My friends, before they answer, tell me I’ve turned Mexican… I respond shamefully that none of that fit on the boat, and I’m only asking because I’m working on something, and I prefer to get the facts straight.
In actual fact, writing through my friends’ memories is a way of going back home. It’s a way of building an identity through words. The country I left behind no longer exists. It has become a ghost that sometimes jumps out at me on some street, in some place. No part of the house still stands. All that’s left are historical references to that faraway day in history class in a district of León.
I think of something. I think of the word “caído,” fallen, the word that, along with “poeta,” is the most common in Nicaragua.
You can find a caído on any old street corner.
“Caído + Mártir = Héroe.” “Fallen + Martyr = Hero.” This was the equation I had in mind when I started writing Los jóvenes no pueden volver a casa, “the kids can’t go back home.” They are stories of neglect and post-war struggles I used to hear around the corners of my house. And maybe, even though that title bears some similarity to what’s going on in Nicaragua today, I think that just like the characters in those stories, the book’s author is looking for a place where he’ll feel safe. He is traveling in search of something he probably already found.
The reasons why one goes back are not the same reasons why one leaves home.
I often record audio messages for my friends in Nicaragua as a way to help them understand I’m still here: I have not lost the language, the lingo; the words, the phrases, the sayings are still with me and in my characters’ mouths; and they should spare my life if I include a Mexican word in a Nicaraguan phrase every so often. It’s not on purpose, I swear. I try to find the right word, so much so that I’ve ordered a dictionary from Nicaragua to find the words I sometimes supplant with Mexican ones. Words exchanged, some for others, out of similarity of meaning.

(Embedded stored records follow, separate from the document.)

lemma emeasure_lborel_atLeast_0: "emeasure lborel {0::real..} = \<infinity>"
proof (rule ccontr)
  assume "emeasure lborel {0::real..} \<noteq> \<infinity>"
  then obtain r where r: "emeasure lborel {0::real..} = ennreal r" "0 \<le> r"
    by (cases "emeasure lborel {0::real..}" rule: ennreal_cases) auto
  have "emeasure lborel {0..r+1} \<le> emeasure lborel {0::real..}" by (rule emeasure_mono) auto
  then show False using r by simp
qed

definition down_closed :: "real set \<Rightarrow> bool" where
  "down_closed D \<longleftrightarrow> D \<subseteq> {0..} \<and> (\<forall>x\<in>D. \<forall>y. 0 \<le> y \<longrightarrow> y \<le> x \<longrightarrow> y \<in> D)"

lemma down_closed_superlevel:
  fixes f :: "real \<Rightarrow> real"
  assumes "\<And>x y. 0 \<le> x \<Longrightarrow> x \<le> y \<Longrightarrow> f y \<le> f x"
  shows "down_closed {z. 0 \<le> z \<and> s < f z}"
  unfolding down_closed_def
proof (intro conjI ballI allI impI subsetI)
  fix x z assume "x \<in> {z. 0 \<le> z \<and> s < f z}" "0 \<le> z" "z \<le> x"
  then show "z \<in> {z. 0 \<le> z \<and> s < f z}" using assms[of z x] by simp
qed auto

lemma down_closedD: "down_closed D \<Longrightarrow> x \<in> D \<Longrightarrow> 0 \<le> y \<Longrightarrow> y \<le> x \<Longrightarrow> y \<in> D"
  unfolding down_closed_def by blast

lemma down_closed_unbounded:
  assumes "down_closed D" and "\<not> bdd_above D"
  shows "D = {0..}"
proof
  show "{0..} \<subseteq> D"
  proof
    fix y :: real assume "y \<in> {0..}"
    obtain x where "x \<in> D" "y < x" using \<open>\<not> bdd_above D\<close> by (meson bdd_above.unfold linorder_not_le)
    then show "y \<in> D" using down_closedD[OF \<open>down_closed D\<close>] \<open>y \<in> {0..}\<close> by auto
  qed
qed (use assms in \<open>auto simp: down_closed_def\<close>)

lemma emeasure_down_closed:
  assumes D: "down_closed D" and "0 \<in> D" and bdd: "bdd_above D"
  shows "emeasure lborel D = ennreal (Sup D)"
proof -
  define a where "a = Sup D"
  have ub: "x \<le> a" if "x \<in> D" for x using cSup_upper[OF that bdd] a_def by simp
  have "0 \<le> a" using ub[OF \<open>0 \<in> D\<close>] .
  have below: "x \<in> D" if x: "0 \<le> x" "x < a" for x
  proof -
    obtain y where "y \<in> D" "x < y" using less_cSupE[of x D] x \<open>0 \<in> D\<close> a_def by blast
    then show ?thesis using down_closedD[OF D] x by auto
  qed
  have nonneg: "0 \<le> x" if "x \<in> D" for x using D that unfolding down_closed_def by auto
  have "D = {0..a} \<or> D = {0..<a}"
  proof (cases "a \<in> D")
    case True
    have "{0..a} \<subseteq> D" using down_closedD[OF D True] by auto
    then show ?thesis using ub nonneg by auto
  next
    case False
    have "D \<subseteq> {0..<a}"
    proof
      fix x assume "x \<in> D"
      then have "x \<le> a" "x \<noteq> a" "0 \<le> x" using ub nonneg False by auto
      then show "x \<in> {0..<a}" by simp
    qed
    then show ?thesis using below by auto
  qed
  then have "emeasure lborel D = ennreal a" using \<open>0 \<le> a\<close> by auto
  then show ?thesis unfolding a_def .
qed

lemma ennreal_convex_comb_le_iff:
  fixes t a b c :: real
  assumes "0 \<le> t" "t \<le> 1" "0 \<le> a" "0 \<le> b" "0 \<le> c"
  shows "ennreal (1-t) * ennreal a + ennreal t * ennreal b \<le> ennreal c \<longleftrightarrow> (1-t)*a + t*b \<le> c"
  using assms by (simp add: ennreal_mult'[symmetric] ennreal_plus[symmetric] ennreal_le_iff del: ennreal_plus)

lemma brunn_minkowski_down_closed:
  fixes A B C :: "real set" and t :: real
  assumes t: "0 < t" "t < 1"
    and "down_closed A" "down_closed B" "down_closed C" and "0 \<in> A" "0 \<in> B"
    and comb: "\<And>x y. x \<in> A \<Longrightarrow> y \<in> B \<Longrightarrow> (1-t)*x + t*y \<in> C"
  shows "ennreal (1-t) * emeasure lborel A + ennreal t * emeasure lborel B \<le> emeasure lborel C"
proof (cases "bdd_above C")
  case False
  then have "C = {0..}" using down_closed_unbounded \<open>down_closed C\<close> by simp
  then show ?thesis by (simp add: emeasure_lborel_atLeast_0)
next
  case True
  have ub: "x \<le> Sup C" if "x \<in> C" for x using cSup_upper[OF that True] .
  have "x \<le> Sup C / (1-t)" if "x \<in> A" for x
    using ub[OF comb[OF that \<open>0 \<in> B\<close>]] t by (simp add: field_simps)
  then have "bdd_above A" by (rule bdd_aboveI)
  have "y \<le> Sup C / t" if "y \<in> B" for y
    using ub[OF comb[OF \<open>0 \<in> A\<close> that]] t by (simp add: field_simps)
  then have "bdd_above B" by (rule bdd_aboveI)
  have "0 \<le> Sup A" "0 \<le> Sup B" using cSup_upper assms \<open>bdd_above A\<close> \<open>bdd_above B\<close> by auto
  have "Sup A \<le> (Sup C - t*y)/(1-t)" if "y \<in> B" for y
  proof (rule cSup_least)
    show "x \<le> (Sup C - t*y)/(1-t)" if "x \<in> A" for x
      using ub[OF comb[OF that \<open>y \<in> B\<close>]] t by (simp add: field_simps)
  qed (use \<open>0 \<in> A\<close> in auto)
  then have "Sup B \<le> (Sup C - (1-t) * Sup A)/t"
    by (intro cSup_least) (use \<open>0 \<in> B\<close> t in \<open>auto simp: field_simps\<close>)
  then have "(1-t) * Sup A + t * Sup B \<le> Sup C" using t by (simp add: field_simps)
  moreover have "0 \<in> C" using comb[OF \<open>0 \<in> A\<close> \<open>0 \<in> B\<close>] by simp
  then have "emeasure lborel A = ennreal (Sup A)" "emeasure lborel B = ennreal (Sup B)"
    "emeasure lborel C = ennreal (Sup C)" "0 \<le> Sup C"
    using emeasure_down_closed assms \<open>bdd_above A\<close> \<open>bdd_above B\<close> True ub by blast+
  ultimately show ?thesis
    using ennreal_convex_comb_le_iff[of t "Sup A" "Sup B" "Sup C"] t \<open>0 \<le> Sup A\<close> \<open>0 \<le> Sup B\<close>
    by simp
qed

lemma nn_integral_layer_cake:
  fixes f :: "real \<Rightarrow> real"
  assumes [measurable]: "f \<in> borel_measurable borel"
  shows "half_line_integral f
       = (\<integral>\<^sup>+ s. emeasure lborel {z. 0 \<le> z \<and> s < f z} * indicator {0<..} s \<partial>lborel)"
proof -
  let ?S = "{(z, s). 0 \<le> z \<and> 0 < s \<and> s < f z}"
  have "half_line_integral f = (\<integral>\<^sup>+ z. \<integral>\<^sup>+ s. indicator ?S (z, s) \<partial>lborel \<partial>lborel)"
  proof (rule nn_integral_cong)
    fix z :: real
    have "(\<integral>\<^sup>+ s. indicator ?S (z, s) \<partial>lborel) = (\<integral>\<^sup>+ s. indicator {0<..<f z} s * indicator {0..} z \<partial>lborel)"
      by (intro nn_integral_cong) (auto simp: indicator_def)
    also have "\<dots> = ennreal (f z) * indicator {0..} z"
      by (cases "0 \<le> f z") (auto simp: nn_integral_multc ennreal_neg)
    finally show "ennreal (f z) * indicator {0..} z = (\<integral>\<^sup>+ s. indicator ?S (z, s) \<partial>lborel)" by simp
  qed
  also have "\<dots> = (\<integral>\<^sup>+ s. \<integral>\<^sup>+ z. indicator ?S (z, s) \<partial>lborel \<partial>lborel)"
    by (subst lborel_pair.Fubini') (auto simp: case_prod_unfold)
  also have "\<dots> = (\<integral>\<^sup>+ s. emeasure lborel {z. 0 \<le> z \<and> s < f z} * indicator {0<..} s \<partial>lborel)"
  proof (rule nn_integral_cong)
    fix s :: real
    have "(\<integral>\<^sup>+ z. indicator ?S (z, s) \<partial>lborel)
       = (\<integral>\<^sup>+ z. indicator {z. 0 \<le> z \<and> s < f z} z * indicator {0<..} s \<partial>lborel)"
      by (intro nn_integral_cong) (auto simp: indicator_def)
    then show "(\<integral>\<^sup>+ z. indicator ?S (z, s) \<partial>lborel)
       = emeasure lborel {z. 0 \<le> z \<and> s < f z} * indicator {0<..} s"
      by (simp add: nn_integral_multc)
  qed
  finally show ?thesis .
qed

lemma borel_measurable_emeasure_superlevel:
  fixes f :: "real \<Rightarrow> real"
  assumes [measurable]: "f \<in> borel_measurable borel"
  shows "(\<lambda>s. emeasure lborel {z. 0 \<le> z \<and> s < f z}) \<in> borel_measurable lborel"
proof -
  have "Measurable.pred (borel \<Otimes>\<^sub>M borel) (\<lambda>p::real\<times>real. 0 \<le> snd p \<and> fst p < f (snd p))"
    by measurable
  then have "{(s, z). 0 \<le> z \<and> s < f z} \<in> sets (lborel \<Otimes>\<^sub>M lborel)"
    by (simp add: Measurable.pred_def space_pair_measure case_prod_unfold cong: sets_pair_measure_cong)
  from lborel.measurable_emeasure_Pair[OF this] show ?thesis by simp
qed

lemma prekopa_leindler_min_antimono:
  fixes f g h :: "real \<Rightarrow> real" and t :: real
  assumes t: "0 < t" "t < 1"
    and [measurable]: "f \<in> borel_measurable borel" "g \<in> borel_measurable borel" "h \<in> borel_measurable borel"
    and f: "\<And>x y. 0 \<le> x \<Longrightarrow> x \<le> y \<Longrightarrow> f y \<le> f x"
    and g: "\<And>x y. 0 \<le> x \<Longrightarrow> x \<le> y \<Longrightarrow> g y \<le> g x"
    and h: "\<And>x y. 0 \<le> x \<Longrightarrow> x \<le> y \<Longrightarrow> h y \<le> h x"
    and fgh: "\<And>x y. 0 \<le> x \<Longrightarrow> 0 \<le> y \<Longrightarrow> min (f x) (g y) \<le> h ((1-t)*x + t*y)"
    and "f 0 = 1" and "g 0 = 1"
  shows "ennreal (1-t) * half_line_integral f + ennreal t * half_line_integral g \<le> half_line_integral h"
proof -
  let ?m = "\<lambda>f s. emeasure lborel {z. 0 \<le> z \<and> s < f z} * indicator {0<..} s"
  have [measurable]: "?m f \<in> borel_measurable lborel" "?m g \<in> borel_measurable lborel"
    using borel_measurable_emeasure_superlevel by measurable
  have levels: "ennreal (1-t) * ?m f s + ennreal t * ?m g s \<le> ?m h s" for s
  proof (cases "0 < s \<and> s < 1")
    case True
    have comb: "(1-t)*x + t*y \<in> {z. 0 \<le> z \<and> s < h z}"
      if "x \<in> {z. 0 \<le> z \<and> s < f z}" "y \<in> {z. 0 \<le> z \<and> s < g z}" for x y
      using that fgh[of x y] t by (auto simp: min_less_iff_conj intro: less_le_trans)
    have "ennreal (1-t) * emeasure lborel {z. 0 \<le> z \<and> s < f z}
          + ennreal t * emeasure lborel {z. 0 \<le> z \<and> s < g z}
        \<le> emeasure lborel {z. 0 \<le> z \<and> s < h z}"
      using True assms comb
      by (intro brunn_minkowski_down_closed[OF t] down_closed_superlevel[OF f]
          down_closed_superlevel[OF g] down_closed_superlevel[OF h]) auto
    then show ?thesis using True by (simp add: algebra_simps)
  next
    case False
    show ?thesis
    proof (cases "0 < s")
      case True
      then have "1 \<le> s" using False by simp
      then have "{z. 0 \<le> z \<and> s < f z} = {}" "{z. 0 \<le> z \<and> s < g z} = {}"
        using f[of 0] g[of 0] assms by force+
      then show ?thesis by (simp only:) simp
    qed simp
  qed
  have "ennreal (1-t) * half_line_integral f + ennreal t * half_line_integral g
      = (\<integral>\<^sup>+ s. ennreal (1-t) * ?m f s + ennreal t * ?m g s \<partial>lborel)"
    by (simp add: nn_integral_layer_cake nn_integral_add nn_integral_cmult)
  also have "\<dots> \<le> (\<integral>\<^sup>+ s. ?m h s \<partial>lborel)"
    by (rule nn_integral_mono) (rule levels)
  also have "\<dots> = half_line_integral h"
    by (simp add: nn_integral_layer_cake)
  finally show ?thesis .
qed

lemma min_le_powr_convex_comb:
  fixes a b t :: real
  assumes "0 \<le> a" "0 \<le> b" "0 < t" "t < 1"
  shows "min a b \<le> a powr (1-t) * b powr t"
proof (cases "a = 0 \<or> b = 0")
  case False
  then have "0 < a" "0 < b" using assms by auto
  have "min a b = min a b powr (1-t) * min a b powr t"
    using \<open>0 < a\<close> \<open>0 < b\<close> by (simp add: powr_add[symmetric])
  also have "\<dots> \<le> a powr (1-t) * b powr t"
    using assms \<open>0 < a\<close> \<open>0 < b\<close> by (intro mult_mono powr_mono2) auto
  finally show ?thesis .
qed (use assms in auto)

lemma half_line_integral_divide:
  fixes f :: "real \<Rightarrow> real" and c I :: real
  assumes "0 < c" "\<And>z. 0 \<le> f z" and [measurable]: "f \<in> borel_measurable borel"
    and "half_line_integral f = ennreal I"
  shows "half_line_integral (\<lambda>z. f z / c) = ennreal (I / c)"
proof -
  have "half_line_integral (\<lambda>z. f z / c) = (\<integral>\<^sup>+ z. ennreal (1/c) * (ennreal (f z) * indicator {0..} z) \<partial>lborel)"
  proof (intro nn_integral_cong)
    fix z
    have "ennreal (f z / c) = ennreal (1/c) * ennreal (f z)"
      using assms by (simp add: ennreal_mult[symmetric])
    then show "ennreal (f z / c) * indicator {0..} z = ennreal (1/c) * (ennreal (f z) * indicator {0..} z)"
      by (simp add: mult.assoc)
  qed
  also have "\<dots> = ennreal (1/c) * ennreal I"
    by (subst nn_integral_cmult) (use assms in auto)
  also have "\<dots> = ennreal (I / c)"
    using assms by (simp add: ennreal_mult'[symmetric])
  finally show ?thesis .
qed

A couple of days ago, in a room in an apartment in Mexico City, I was asking two friends from Nicaragua: what do you miss most?
They sat there staring at the white walls, as if looking into emptiness, solitude, poverty; a couple of seconds later they told me, “Everything.”
“What’s everything?” I asked.
They stopped smoking and said it again, “Everything.”
I tried to bridge the gap my question had opened. I tried to decipher that everything, perhaps a space, an instant, I said, suggesting that my way of returning to that “everything” is through words.
Roque Dalton claimed, “you can’t spend your life going back, especially not to the muck you call your country, the wreck they’ve made of your parents’ house.” But we, unfortunately, those of us who relive that piece of our country in memory, go back as if constantly going back to our own grave.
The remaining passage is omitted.